Our preliminary reconnaissance mapping and outcrop sampling of this area has confirmed the presence of spodumene pegmatites. Our regional mapping team will now complete a more systematic survey to better understand the extent of the known pegmatite system and select initial drill sites.
“Our preliminary reconnaissance mapping and outcrop sampling of this area has confirmed the presence of spodumene pegmatites”
With resource definition drilling underway at our main Bananal Valley area, first pass drilling underway at our Monte Alto area, first pass mapping and sampling completed at our Salinas South area; and now the initial systematic work to commence at the new Lajinha tenement – this provides the company with a full project lithium development pipeline in the Salinas Region.
Now the company has made a significant new lithium discovery, this strategic expansion approach to our exploration is critical for long-term success of developing our first maiden JORC Resource.”
This acquisition grows the company’s ground position to over 6,230 hectares, which encompasses a number of key targets along the prospective lithium corridor.
Under the terms with the vendor, Latin has the option to acquire a 100% interest in the tenement upon payment of BRL3,000 (USD$600 per month for 24 months). If the company exercises the agreement’s call option, it will: a. pay an additional USD$30,000 cash; b. issue shares to the value of USD$10,000 at a 30 day VWAP; and c. pay an additional USD $50,000 within 13 months.

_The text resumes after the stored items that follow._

text \<open>
  Fix the side of \<open>\<Gamma>\<close> on which \<open>u > 0\<close>; by connectedness it is the same side for every \<open>x\<close>.
  Along the vertical segment that leaves \<open>(x, w x)\<close> into \<open>{u > 0}\<close>, the function \<open>u\<^sub>\<psi>\<close> drops
  from \<open>Q \<psi>\<close> to \<open>0\<close> before the segment leaves the \<open>\<epsilon>\<close>-tube, which happens after a length
  \<open>t \<le> C \<epsilon>\<close> because \<open>\<Gamma>\<close> is a Lipschitz graph. The one-dimensional inequality
  \<open>(f b - f a)\<^sup>2 / (b - a) \<le> \<integral>\<^sub>a\<^sup>b f'\<^sup>2\<close> bounds the energy on that segment below by
  \<open>(Q \<psi>)\<^sup>2 / (C \<epsilon>)\<close>, and integrating over \<open>x\<close> (Fubini) with \<open>Q \<ge> Q\<^sub>m\<^sub>i\<^sub>n\<close> and
  \<open>\<parallel>\<psi>\<parallel>\<^sub>L\<^sub>2 = 1\<close> gives \<open>\<mu>\<^sub>\<epsilon> \<ge> c / \<epsilon>\<close>. Only the lower bound on \<open>Q\<close> and the geometry of
  \<open>\<Gamma>\<close> enter.
\<close>

lemma sq_increment_div_le_integral_sq_deriv:
  fixes f g :: "real \<Rightarrow> real"
  assumes ab: "a < b"
    and f': "\<And>y. y \<in> {a..b} \<Longrightarrow> (f has_real_derivative g y) (at y)"
    and g: "continuous_on {a..b} g"
  shows "(f b - f a)\<^sup>2 / (b - a) \<le> integral {a..b} (\<lambda>y. (g y)\<^sup>2)"
proof -
  define l where "l = (f b - f a) / (b - a)"
  have ftc: "(g has_integral f b - f a) {a..b}"
    using ab f' by (intro fundamental_theorem_of_calculus)
      (auto simp: has_real_derivative_iff_has_vector_derivative[symmetric] has_field_derivative_at_within)
  have lin: "((\<lambda>y. 2 * l * g y - l\<^sup>2) has_integral (2 * l * (f b - f a) - l\<^sup>2 * (b - a))) {a..b}"
    using has_integral_mult_right[OF ftc, of "2 * l"] has_integral_const_real[of "l\<^sup>2" a b] ab
    by (intro has_integral_diff) (auto simp: mult.commute)
  have sq: "((\<lambda>y. (g y)\<^sup>2) has_integral integral {a..b} (\<lambda>y. (g y)\<^sup>2)) {a..b}"
    by (intro integrable_integral integrable_continuous_interval continuous_intros g)
  \<comment> \<open>\<open>2 l g - l\<^sup>2 \<le> g\<^sup>2\<close> with \<open>l\<close> the mean slope\<close>
  have "2 * l * (f b - f a) - l\<^sup>2 * (b - a) \<le> integral {a..b} (\<lambda>y. (g y)\<^sup>2)"
    using has_integral_le[OF lin sq] sum_power2_ge_zero[of "g _ - l" 0]
    by (simp add: power2_eq_square algebra_simps)
  moreover have "2 * (D / d) * D - (D / d)\<^sup>2 * d = D\<^sup>2 / d" if "d \<noteq> 0" for D d :: real
    using that by (simp add: power2_eq_square field_simps)
  then have "2 * l * (f b - f a) - l\<^sup>2 * (b - a) = (f b - f a)\<^sup>2 / (b - a)"
    using ab unfolding l_def by (metis less_irrefl right_minus_eq)
  ultimately show ?thesis by simp
qed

In addition, the vendor will retain a 3% net smelter royalty, and, if Latin is able to define a JORC resource of at least 10,000,000 tonnes @ 1.3% Li, the vendor will receive an additional USD $50,000 plus USD$50,000 worth of shares.
The Salinas Project is located within the north-east region of Minas Gerais, Brazil, 10km outside of its namesake township. The Project is host to outcropping pegmatites that contain spodumene over an area of more than 4km².
Latin Resources reports that it has moved forward with first pass drilling west of the newly acquired Lajinha tenement and will mobilise a regional mapping team in order to identify potential drill sites.